De dierenwinkel bevat, naast het konijnenvoer waar ik voor kwam, nogal wat dieren. Zo is er de kluwen muisjes met zaagsel, huppelen er ontroerend pluizige konijntjes en exotische vogeltjes kwetteren als een overspannen autoalarm. Bij hen stond ik even stil toen ik zag dat er een kleurrijk vogeltje morsdood op de grond lag in Mevrouw Stemband-stand.
Ik begreep meteen dat ik hiervan melding moest maken, op een tactische manier.

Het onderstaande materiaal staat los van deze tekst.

lemma marked_sample_ne_first_block_sample:
  assumes a: "a < n - 1" and "3 \<le> n"
  shows "induced_edges G (marked_sample a) \<noteq> induced_edges G first_block_sample"
proof -
  note a_facts = marked_sample_facts[OF a]
  show ?thesis
  proof (cases "({w, Suc h1} \<in> snd G) = ({l1, h1} \<in> snd G)")
    case False
    obtain k k' where k: "k \<in> first_block_sample" "k' \<in> first_block_sample"
      "rank first_block_sample k = r" "rank first_block_sample k' = a + d"
      "{k, k'} \<in> snd G \<longleftrightarrow> {l1, h1} \<in> snd G"
      by (rule ex_first_block_pair_of_ranks[OF r(2,3) a_facts(4,5) r(1)[OF a]])
    show ?thesis
      using induced_edges_neq[OF a_facts(3) first_block_sample_facts(2) mem_marked_sample k(1,2)]
        rank_w[OF a] rank_v[OF a] k False by simp
  next
    case True
    obtain j where j: "j \<in> {1, 2, 3}" "j \<noteq> r" "j \<noteq> a + d"
      using ex_third_of_three by blast
    then have j_range: "1 \<le> j" "j \<le> n"
      using \<open>3 \<le> n\<close> by auto
    obtain u where u: "u \<in> marked_sample a" "rank (marked_sample a) u = j"
      "{w, u} \<in> snd G \<longleftrightarrow> {w, h1} \<in> snd G"
      using ex_witness_edge_of_rank[OF a j_range j(2,3)] by blast
    obtain k k' where k: "k \<in> first_block_sample" "k' \<in> first_block_sample"
      "rank first_block_sample k = r" "rank first_block_sample k' = j"
      "{k, k'} \<in> snd G \<longleftrightarrow> {l1, h1} \<in> snd G"
      by (rule ex_first_block_pair_of_ranks[OF r(2,3) j_range j(2)[symmetric]])
    have "({w, u} \<in> snd G) \<noteq> ({k, k'} \<in> snd G)"
      using u(3) k(5) True w(4) by (simp add: insert_commute)
    then show ?thesis
      using induced_edges_neq[OF a_facts(3) first_block_sample_facts(2) mem_marked_sample(1) u(1)
          k(1,2)]
        rank_w[OF a] u(2) k(3,4) by simp
  qed
qed

lemma card_slice_ge_marked_samples:
  assumes "3 \<le> n"
  shows "n \<le> card (slice P n)"
  using card_slice_ge_with_first_block_sample[OF adm(1) _ card_sample inj_on_marked_samples
      marked_sample_ne_first_block_sample] assms by simp

end

context
  assumes gap: "Suc h1 < w" "w < l2"
begin

abbreviation gap_sample :: "nat \<Rightarrow> nat set" where
  "gap_sample a \<equiv> sample {} {Suc h1, w} {} a (n - Suc (Suc a))"

lemma gap_sample_admissible: "admissible {} {Suc h1, w} {}" "{} \<union> {Suc h1, w} \<union> {} \<subseteq> {Suc h1, w}"
  unfolding admissible_def using gap by auto

lemma gap_sample_bounds:
  assumes "a < n - 1"
  shows "a \<le> n" "n - Suc (Suc a) \<le> n"
    "card {} + a + card {Suc h1, w} + (n - Suc (Suc a)) + card {} = n"
  using assms gap by auto

lemma gap_sample_ranks:
  assumes "a < n - 1"
  shows "rank (gap_sample a) (Suc h1) = Suc a" "rank (gap_sample a) w = Suc (Suc a)"
proof -
  have "{Suc h1, w} \<inter> {..Suc h1} = {Suc h1}" "{Suc h1, w} \<inter> {..w} = {Suc h1, w}"
    using gap by auto
  then show "rank (gap_sample a) (Suc h1) = Suc a" "rank (gap_sample a) w = Suc (Suc a)"
    using sample_ranks(4)[OF gap_sample_admissible(1) gap_sample_bounds(1,2)[OF assms]] gap by auto
qed

text \<open>In \<open>gap_sample a\<close> the ranks \<open>Suc a\<close>, \<open>Suc (Suc a)\<close> hold \<open>Suc h1\<close>, \<open>w\<close>, and only this pair of
  vertices of a sample has the exceptional status.\<close>

lemma gap_sample_neq:
  assumes a: "a < n - 1"
    and T: "finite T" "k \<in> T" "k' \<in> T" "rank T k = Suc a" "rank T k' = Suc (Suc a)"
    "{k, k'} \<in> snd G \<longleftrightarrow> {l1, h1} \<in> snd G"
  shows "induced_edges G (gap_sample a) \<noteq> induced_edges G T"
proof -
  have "{w, h1} \<in> snd G \<longleftrightarrow> {l1, h1} \<in> snd G"
    using gap_uniform gap by auto
  then have "({Suc h1, w} \<in> snd G) \<noteq> ({l1, h1} \<in> snd G)"
    using w(4) by simp
  then show ?thesis
    using induced_edges_neq[OF
        sample_ranks(7)[OF gap_sample_admissible(1) gap_sample_bounds(1,2)[OF a]] T(1)
        mem_sample(3)[of "Suc h1" "{Suc h1, w}"] mem_sample(3)[of w "{Suc h1, w}"] T(2,3)]
      gap_sample_ranks[OF a] T(4-6) by simp
qed

lemma card_slice_ge_witness_in_gap:
  assumes "3 \<le> n"
  shows "n \<le> card (slice P n)"
proof (rule card_slice_ge_with_first_block_sample[OF gap_sample_admissible(1) _
      gap_sample_bounds(3)])
  show "inj_on (\<lambda>a. induced_edges G (gap_sample a)) {0..<n - 1}"
  proof (rule linorder_inj_onI')
    fix a a' assume "a \<in> {0..<n - 1}" "a' \<in> {0..<n - 1}" "a < a'"
    then have a: "a < n - 1" "a' < n - 1" "1 \<le> Suc a" "Suc a \<le> n" "1 \<le> Suc (Suc a)"
      "Suc (Suc a) \<le> n" "Suc a \<noteq> Suc (Suc a)"
      "w \<in> gap_sample a' \<Longrightarrow> rank (gap_sample a') w \<notin> {Suc a, Suc (Suc a)}"
      using gap_sample_ranks by auto
    obtain k k' where k: "k \<in> gap_sample a'" "k' \<in> gap_sample a'" "rank (gap_sample a') k = Suc a"
      "rank (gap_sample a') k' = Suc (Suc a)" "{k, k'} \<in> snd G \<longleftrightarrow> {l1, h1} \<in> snd G"
      by (rule ex_uniform_pair_of_ranks[OF gap_sample_admissible gap_sample_bounds[OF a(2)] a(3-)])
    show "induced_edges G (gap_sample a) \<noteq> induced_edges G (gap_sample a')"
      by (rule gap_sample_neq[OF a(1)
            sample_ranks(7)[OF gap_sample_admissible(1) gap_sample_bounds(1,2)[OF a(2)]] k])
  qed
  fix a assume a: "a < n - 1"
  then have "1 \<le> Suc a" "Suc a \<le> n" "1 \<le> Suc (Suc a)" "Suc (Suc a) \<le> n" "Suc a \<noteq> Suc (Suc a)"
    by auto
  then obtain k k' where k: "k \<in> first_block_sample" "k' \<in> first_block_sample"
    "rank first_block_sample k = Suc a" "rank first_block_sample k' = Suc (Suc a)"
    "{k, k'} \<in> snd G \<longleftrightarrow> {l1, h1} \<in> snd G"
    by (rule ex_first_block_pair_of_ranks)
  show "induced_edges G (gap_sample a) \<noteq> induced_edges G first_block_sample"
    by (rule gap_sample_neq[OF a first_block_sample_facts(2) k])
qed (use assms in simp)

Ik wilde namelijk niet dat mijn melding als een klacht zou klinken (“Probeert u dode vogels te slijten?”) en ik wilde de dierenwinkelman niet choqueren met het slechte nieuws (“Dood en verderf!”).
Bij het afrekenen van 1,5 kilo konijnenbiks verklaarde ik daarom terloops: “Een van uw vogeltjes is van z’n stokje gevallen...”
“Van z’n stokkie gevallen?” vroeg de man verbaasd.
“Ja”, zei ik.
“O?” vroeg hij.
“Ja, die ligt gewoon... op de grond”, legde ik uit.
Het werd er de dierenwinkelman niet duidelijker op.
“Op de grond?”
“Nou, in de kooi, bedoel ik.”
“O?” vroeg hij nogmaals.
En nu had ik kunnen zeggen: “Ja, want dat vogeltje is dus kortom dood.” Maar dat deed ik niet, want eufemismen werken vast averechts als je ze moet uitleggen.
“Connie!” riep de man.
“Ja?” riep Connie achterin de dierenwinkel.
“Kijk eens bij de vogels, eentje is van z’n stokkie gevallen!”
“O?” vroeg Connie. En terwijl Connie ging kijken, sloop ik snel de winkel uit met mijn konijnenbiks, zodat ik er niet naast hoefde te staan als Connie zou roepen: “Ja, hallo, die is gewoon dood hoor!”